At a glance
The count of Datadog incidents currently in active state, broken down by severity. For a merchant, this is “what does my engineering team think is broken right now?” An incident is a coordinated response: someone has acknowledged that something is wrong and is working on it. Open SEV-1 = revenue is leaking; open SEV-2 = revenue is at risk; open SEV-3 = annoyance, not crisis.

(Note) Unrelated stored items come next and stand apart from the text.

lemma eigenvalue_char_poly:
  fixes a b c d \<alpha> \<beta> \<mu> :: complex
  assumes "\<alpha> * a + \<beta> * b = \<mu> * \<alpha>" "\<alpha> * c + \<beta> * d = \<mu> * \<beta>" "\<alpha> \<noteq> 0" "a * d - c * b = 1"
  shows "\<mu>\<^sup>2 - (a + d) * \<mu> + 1 = 0"
proof -
  have "\<alpha> * ((a - \<mu>) * (d - \<mu>) - b * c) = (d - \<mu>) * (\<alpha> * a + \<beta> * b - \<mu> * \<alpha>) - b * (\<alpha> * c + \<beta> * d - \<mu> * \<beta>)"
    by (simp add: algebra_simps)
  also have "\<dots> = 0" using assms(1,2) by simp
  finally have "(a - \<mu>) * (d - \<mu>) - b * c = 0" using assms(3) by simp
  then show ?thesis using assms(4) by (simp add: algebra_simps power2_eq_square)
qed

text \<open>In the application \<open>a, b, c, d\<close> are \<open>y1 T, y2 T, y1' T, y2' T\<close>, and \<open>(\<alpha>, \<beta>)\<close>, \<open>(\<alpha>', \<beta>')\<close> are the
  Cauchy data at 0 of two Floquet solutions with multipliers \<open>\<mu>\<close>, \<open>\<nu>\<close>.\<close>

lemma monodromy_eigenvalues:
  fixes a b c d \<alpha> \<beta> \<alpha>' \<beta>' \<mu> \<nu> \<rho> :: complex
  assumes W: "a * d - c * b = 1"
    and e1: "\<alpha> * a + \<beta> * b = \<mu> * \<alpha>" "\<alpha> * c + \<beta> * d = \<mu> * \<beta>" "\<alpha> \<noteq> 0"
    and e2: "\<alpha>' * a + \<beta>' * b = \<nu> * \<alpha>'" "\<alpha>' * c + \<beta>' * d = \<nu> * \<beta>'" "\<alpha>' \<noteq> 0"
    and mn: "norm \<mu> < 1" "norm \<nu> > 1"
    and r: "\<rho>\<^sup>2 - (a + d) * \<rho> + 1 = 0" "norm \<rho> < 1"
  shows "\<rho> = \<mu>" "inverse \<rho> = \<nu>" "b \<noteq> 0" "(\<rho> - a) / b = \<beta> / \<alpha>" "(inverse \<rho> - a) / b = \<beta>' / \<alpha>'"
proof -
  have cm: "\<mu>\<^sup>2 - (a + d) * \<mu> + 1 = 0" by (rule eigenvalue_char_poly[OF e1 W])
  have cn: "\<nu>\<^sup>2 - (a + d) * \<nu> + 1 = 0" by (rule eigenvalue_char_poly[OF e2 W])
  show rm: "\<rho> = \<mu>"
  proof (rule ccontr)
    assume "\<rho> \<noteq> \<mu>"
    then have "\<rho> * \<mu> = 1" by (rule distinct_roots_mult_eq_1[OF r(1) cm])
    then have "norm \<rho> * norm \<mu> = 1" by (metis norm_mult norm_one)
    moreover have "norm \<rho> * norm \<mu> < 1 * 1" using r(2) mn(1) by (intro mult_strict_mono') auto
    ultimately show False by simp
  qed
  have "\<nu> \<noteq> \<mu>" using mn by auto
  then have "\<nu> * \<mu> = 1" by (rule distinct_roots_mult_eq_1[OF cn cm])
  then show ri: "inverse \<rho> = \<nu>" using rm by (simp add: inverse_unique mult.commute)
  show b0: "b \<noteq> 0"
  proof
    assume "b = 0"
    then have "\<mu> = a" "\<nu> = a" using e1(1,3) e2(1,3) by (simp_all add: mult.commute)
    then show False using \<open>\<nu> \<noteq> \<mu>\<close> by simp
  qed
  show "(\<rho> - a) / b = \<beta> / \<alpha>" using e1(1) e1(3) b0 rm by (simp add: field_simps)
  show "(inverse \<rho> - a) / b = \<beta>' / \<alpha>'" using e2(1) e2(3) b0 ri by (simp add: field_simps)
qed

| API endpoint | Datadog Incidents API, GET /api/v2/incidents?filter[state]=active. Returns the full list with severity, title, opened-at, and currently-assigned commander. |
| Metric basis | Incident-state-machine count, NOT alert/monitor count. An incident is created when a human (or PagerDuty integration) declares one; many alerts may exist without any incident. |
| Aggregation window | Real-time, refreshed every 60 seconds. |
| Severity threshold | All severities counted; the headline displays the highest-severity active incident. SEV-1 takes precedence over SEV-2, etc. |
| Alert pre-filtering | ”Test” incidents (any incident with title containing [TEST] or tagged incident_type:test) are excluded by default. Without this, drill exercises and on-call rotation handovers create noise. |
| Log Management gating | Not used. Incidents are pulled from the Incident Management API; the card returns valid values regardless of Logs status. |
| What counts as an “incident” | Any record in Datadog Incident Management with state IN (active, stable). stable means “the bleeding has stopped but the post-incident review is open”; both states are surfaced as active for merchant context. |
| What does NOT count | (1) Resolved incidents, even resolved within the last hour; (2) “Test” incidents from drills; (3) Incidents in archived/deleted state; (4) Monitors in ALERT state that have not been escalated to an incident; (5) PagerDuty pages that did not create a Datadog incident. |
| Filtered hosts / services | All services in the Datadog account. Multi-team accounts may want to filter to their tag (team:checkout); the engine reads the connector’s configured tag scope if set. |
| Time zone | Account timezone for chart axes; UTC for cross-connector windowing. |
| Time window | RT (real-time, refreshed every 60 seconds) |
| Alert trigger | > 0 SEV-1/2, any open SEV-1 or SEV-2 pages the merchant on-call. |
| Roles | owner, engineering, operations |
Calculation
Calculated automatically from your Datadog data. See the At a glance summary above for what the metric tracks and the worked example below for a typical reading.Worked example
A UK furniture brand on Adobe Commerce with Datadog monitoring web, checkout, payment, and the warehouse-sync worker. Snapshot taken on 24 Apr 26 at 11:30 GMT.| Incident ID | Severity | Title | Opened | Assigned commander |
|---|---|---|---|---|
| INC-2841 | SEV-1 | Checkout 5xx spike, payment-service connection pool exhausted | 11:08 | [engineering on-call] |
| INC-2840 | SEV-2 | Search latency degraded, p95 above 4s on /catalog/search | 10:42 | [search team lead] |
| INC-2839 | SEV-3 | Warehouse-sync delayed, 90-minute backlog on inventory updates | 09:15 | [operations] |
- Checkout is actively broken (SEV-1). This is the revenue-impacting event. Apdex on the checkout service has dropped from 0.94 to 0.71. Revenue at Risk reads £4,200/hour while this incident is open. The owner’s job is not to debug; it is to decide whether to (a) pause paid-media spend until checkout is healthy, (b) post a status-page banner so customers know the issue is acknowledged, (c) email the support inbox to expect higher volume.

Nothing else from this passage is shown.